TASK PROMPT:
The response should consist of the listing, repeated word for word.

DATA FOR PROCESSING:

(* Let $\theta\in\mathcal{N}$ be bounded. For $n\ge1$ put $e^\theta_n=[\lambda(n-1;\theta),\lambda(n;\theta)]$ (with $\lambda(0;\theta)=*$). Then $P^\theta(\{(e^\theta_n)_{n=1}^\infty\})>0$ and \[P^\theta\Big(\bigcup_{\gamma\in\mathfrak{S}}\{\gamma((e^\theta_n)_{n=1}^\infty)\}\Big)=1.\]
   Context: Fix $q\in(0,1)$. Gelfand--Tsetlin graph: for $N\ge1$ let $\mathrm{Sign}_N=\{\lambda\in\mathbb{Z}^N\mid \lambda_1\ge\cdots\ge\lambda_N\}$, $\mathrm{Sign}_0=\{*\}$, $|\lambda|=\lambda_1+\cdots+\lambda_N$. For $\mu\in\mathrm{Sign}_{N-1}$, $\lambda\in\mathrm{Sign}_N$ write $\mu\prec\lambda$ if $\lambda_1\ge\mu_1\ge\lambda_2\ge\cdots\ge\mu_{N-1}\ge\lambda_N$ (with $*\prec\lambda$ for all $\lambda\in\mathrm{Sign}_1$). Edges of level $N$ are pairs $[\mu,\lambda]$ with $\mu\prec\lambda$, source $\mu$, range $\lambda$; a path is a sequence of edges with the range of each equal to the source of the next. Weight $w([\mu,\lambda])=q^{N|\mu|-(N-1)|\lambda|}$ for a level-$N$ edge, multiplicative along paths. For $\mu\in\mathrm{Sign}_K,\lambda\in\mathrm{Sign}_N$, $K<N$: $\dim_q(\mu,\lambda)=\sum_\alpha w(\alpha)$ over finite paths $\alpha$ from $\mu$ to $\lambda$; $\dim_q(\lambda)=\dim_q( *,\lambda)$. $\Omega$: infinite paths from $*$; $C_\alpha$: infinite paths beginning with the finite path $\alpha$; $\mathcal{C}$: $\sigma$-algebra generated by the $C_\alpha$. $P$ is $q$-central if $P(C_\alpha)/w(\alpha)=P(\{\omega\mid r(\omega_N)=\lambda\})/\dim_q(\lambda)$ for all $\lambda\in\mathrm{Sign}_N$ and paths $\alpha$ from $*$ to $\lambda$. For $\lambda\in\mathrm{Sign}_N$, each permutation $\gamma_0$ of the finite paths from $*$ to $\lambda$ acts on $\Omega$ by replacing the initial segment $(\omega_1,\dots,\omega_N)$ by its image under $\gamma_0$ when $\omega_N$ ends at $\lambda$ and fixing other $\omega$; $\mathfrak{S}_N$ is generated by these for all $\lambda\in\mathrm{Sign}_N$, $\mathfrak{S}=\bigcup_N\mathfrak{S}_N$. Let $\mathcal{N}=\{\theta\in\mathbb{Z}^\infty\mid\theta_1\le\theta_2\le\cdots\}$ and $\lambda(n;\theta)=(\theta_n,\dots,\theta_1)\in\mathrm{Sign}_n$. (Known fact:) for each $\theta\in\mathcal{N}$ there is a unique $q$-central probability measure $P^\theta$ with $P^\theta(C_\alpha)/\dim_q(\lambda)=\lim_{n\to\infty}\dim_q(\lambda,\lambda(n;\theta))/\dim_q(\lambda(n;\theta))$ for every finite path $\alpha$ from $*$ to $\lambda\in\mathrm{Sign}_N$; the $P^\theta$ are exactly the extreme, equivalently $\mathfrak{S}$-ergodic, $q$-central probability measures. *)

theory Defs
  imports "HOL-Probability.Probability"
begin

text \<open>Signatures of length N are non-increasing integer lists of length N;
  the empty list plays the role of the unique element of Sign_0.\<close>
definition sign :: "nat \<Rightarrow> int list set" where
  "sign N = {l. length l = N \<and> sorted_wrt (\<lambda>x y. x \<ge> y) l}"

definition prec :: "int list \<Rightarrow> int list \<Rightarrow> bool" where
  "prec mu la \<longleftrightarrow> length la = Suc (length mu) \<and>
     (\<forall>i<length mu. la ! i \<ge> mu ! i \<and> mu ! i \<ge> la ! Suc i)"

type_synonym edge = "int list \<times> int list"

text \<open>An edge [mu, la]: source fst, range snd; its level is length la.\<close>
definition is_edge :: "edge \<Rightarrow> bool" where
  "is_edge e \<longleftrightarrow> fst e \<in> sign (length (fst e)) \<and> snd e \<in> sign (length (snd e))
     \<and> prec (fst e) (snd e)"

definition wt :: "real \<Rightarrow> edge \<Rightarrow> real" where
  "wt q e = (let N = int (length (snd e)) in
     q powi (N * sum_list (fst e) - (N - 1) * sum_list (snd e)))"

definition path_wt :: "real \<Rightarrow> edge list \<Rightarrow> real" where
  "path_wt q al = prod_list (map (wt q) al)"

definition fpaths :: "int list \<Rightarrow> int list \<Rightarrow> edge list set" where
  "fpaths mu la = {al. al \<noteq> [] \<and> (\<forall>e\<in>set al. is_edge e) \<and> fst (hd al) = mu \<and>
     snd (last al) = la \<and> (\<forall>i. Suc i < length al \<longrightarrow> snd (al ! i) = fst (al ! Suc i))}"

RESPONSE FOR THIS EXERCISE:
(* Let $\theta\in\mathcal{N}$ be bounded. For $n\ge1$ put $e^\theta_n=[\lambda(n-1;\theta),\lambda(n;\theta)]$ (with $\lambda(0;\theta)=*$). Then $P^\theta(\{(e^\theta_n)_{n=1}^\infty\})>0$ and \[P^\theta\Big(\bigcup_{\gamma\in\mathfrak{S}}\{\gamma((e^\theta_n)_{n=1}^\infty)\}\Big)=1.\]
   Context: Fix $q\in(0,1)$. Gelfand--Tsetlin graph: for $N\ge1$ let $\mathrm{Sign}_N=\{\lambda\in\mathbb{Z}^N\mid \lambda_1\ge\cdots\ge\lambda_N\}$, $\mathrm{Sign}_0=\{*\}$, $|\lambda|=\lambda_1+\cdots+\lambda_N$. For $\mu\in\mathrm{Sign}_{N-1}$, $\lambda\in\mathrm{Sign}_N$ write $\mu\prec\lambda$ if $\lambda_1\ge\mu_1\ge\lambda_2\ge\cdots\ge\mu_{N-1}\ge\lambda_N$ (with $*\prec\lambda$ for all $\lambda\in\mathrm{Sign}_1$). Edges of level $N$ are pairs $[\mu,\lambda]$ with $\mu\prec\lambda$, source $\mu$, range $\lambda$; a path is a sequence of edges with the range of each equal to the source of the next. Weight $w([\mu,\lambda])=q^{N|\mu|-(N-1)|\lambda|}$ for a level-$N$ edge, multiplicative along paths. For $\mu\in\mathrm{Sign}_K,\lambda\in\mathrm{Sign}_N$, $K<N$: $\dim_q(\mu,\lambda)=\sum_\alpha w(\alpha)$ over finite paths $\alpha$ from $\mu$ to $\lambda$; $\dim_q(\lambda)=\dim_q( *,\lambda)$. $\Omega$: infinite paths from $*$; $C_\alpha$: infinite paths beginning with the finite path $\alpha$; $\mathcal{C}$: $\sigma$-algebra generated by the $C_\alpha$. $P$ is $q$-central if $P(C_\alpha)/w(\alpha)=P(\{\omega\mid r(\omega_N)=\lambda\})/\dim_q(\lambda)$ for all $\lambda\in\mathrm{Sign}_N$ and paths $\alpha$ from $*$ to $\lambda$. For $\lambda\in\mathrm{Sign}_N$, each permutation $\gamma_0$ of the finite paths from $*$ to $\lambda$ acts on $\Omega$ by replacing the initial segment $(\omega_1,\dots,\omega_N)$ by its image under $\gamma_0$ when $\omega_N$ ends at $\lambda$ and fixing other $\omega$; $\mathfrak{S}_N$ is generated by these for all $\lambda\in\mathrm{Sign}_N$, $\mathfrak{S}=\bigcup_N\mathfrak{S}_N$. Let $\mathcal{N}=\{\theta\in\mathbb{Z}^\infty\mid\theta_1\le\theta_2\le\cdots\}$ and $\lambda(n;\theta)=(\theta_n,\dots,\theta_1)\in\mathrm{Sign}_n$. (Known fact:) for each $\theta\in\mathcal{N}$ there is a unique $q$-central probability measure $P^\theta$ with $P^\theta(C_\alpha)/\dim_q(\lambda)=\lim_{n\to\infty}\dim_q(\lambda,\lambda(n;\theta))/\dim_q(\lambda(n;\theta))$ for every finite path $\alpha$ from $*$ to $\lambda\in\mathrm{Sign}_N$; the $P^\theta$ are exactly the extreme, equivalently $\mathfrak{S}$-ergodic, $q$-central probability measures. *)

theory Defs
  imports "HOL-Probability.Probability"
begin

text \<open>Signatures of length N are non-increasing integer lists of length N;
  the empty list plays the role of the unique element of Sign_0.\<close>
definition sign :: "nat \<Rightarrow> int list set" where
  "sign N = {l. length l = N \<and> sorted_wrt (\<lambda>x y. x \<ge> y) l}"

definition prec :: "int list \<Rightarrow> int list \<Rightarrow> bool" where
  "prec mu la \<longleftrightarrow> length la = Suc (length mu) \<and>
     (\<forall>i<length mu. la ! i \<ge> mu ! i \<and> mu ! i \<ge> la ! Suc i)"

type_synonym edge = "int list \<times> int list"

text \<open>An edge [mu, la]: source fst, range snd; its level is length la.\<close>
definition is_edge :: "edge \<Rightarrow> bool" where
  "is_edge e \<longleftrightarrow> fst e \<in> sign (length (fst e)) \<and> snd e \<in> sign (length (snd e))
     \<and> prec (fst e) (snd e)"

definition wt :: "real \<Rightarrow> edge \<Rightarrow> real" where
  "wt q e = (let N = int (length (snd e)) in
     q powi (N * sum_list (fst e) - (N - 1) * sum_list (snd e)))"

definition path_wt :: "real \<Rightarrow> edge list \<Rightarrow> real" where
  "path_wt q al = prod_list (map (wt q) al)"

definition fpaths :: "int list \<Rightarrow> int list \<Rightarrow> edge list set" where
  "fpaths mu la = {al. al \<noteq> [] \<and> (\<forall>e\<in>set al. is_edge e) \<and> fst (hd al) = mu \<and>
     snd (last al) = la \<and> (\<forall>i. Suc i < length al \<longrightarrow> snd (al ! i) = fst (al ! Suc i))}"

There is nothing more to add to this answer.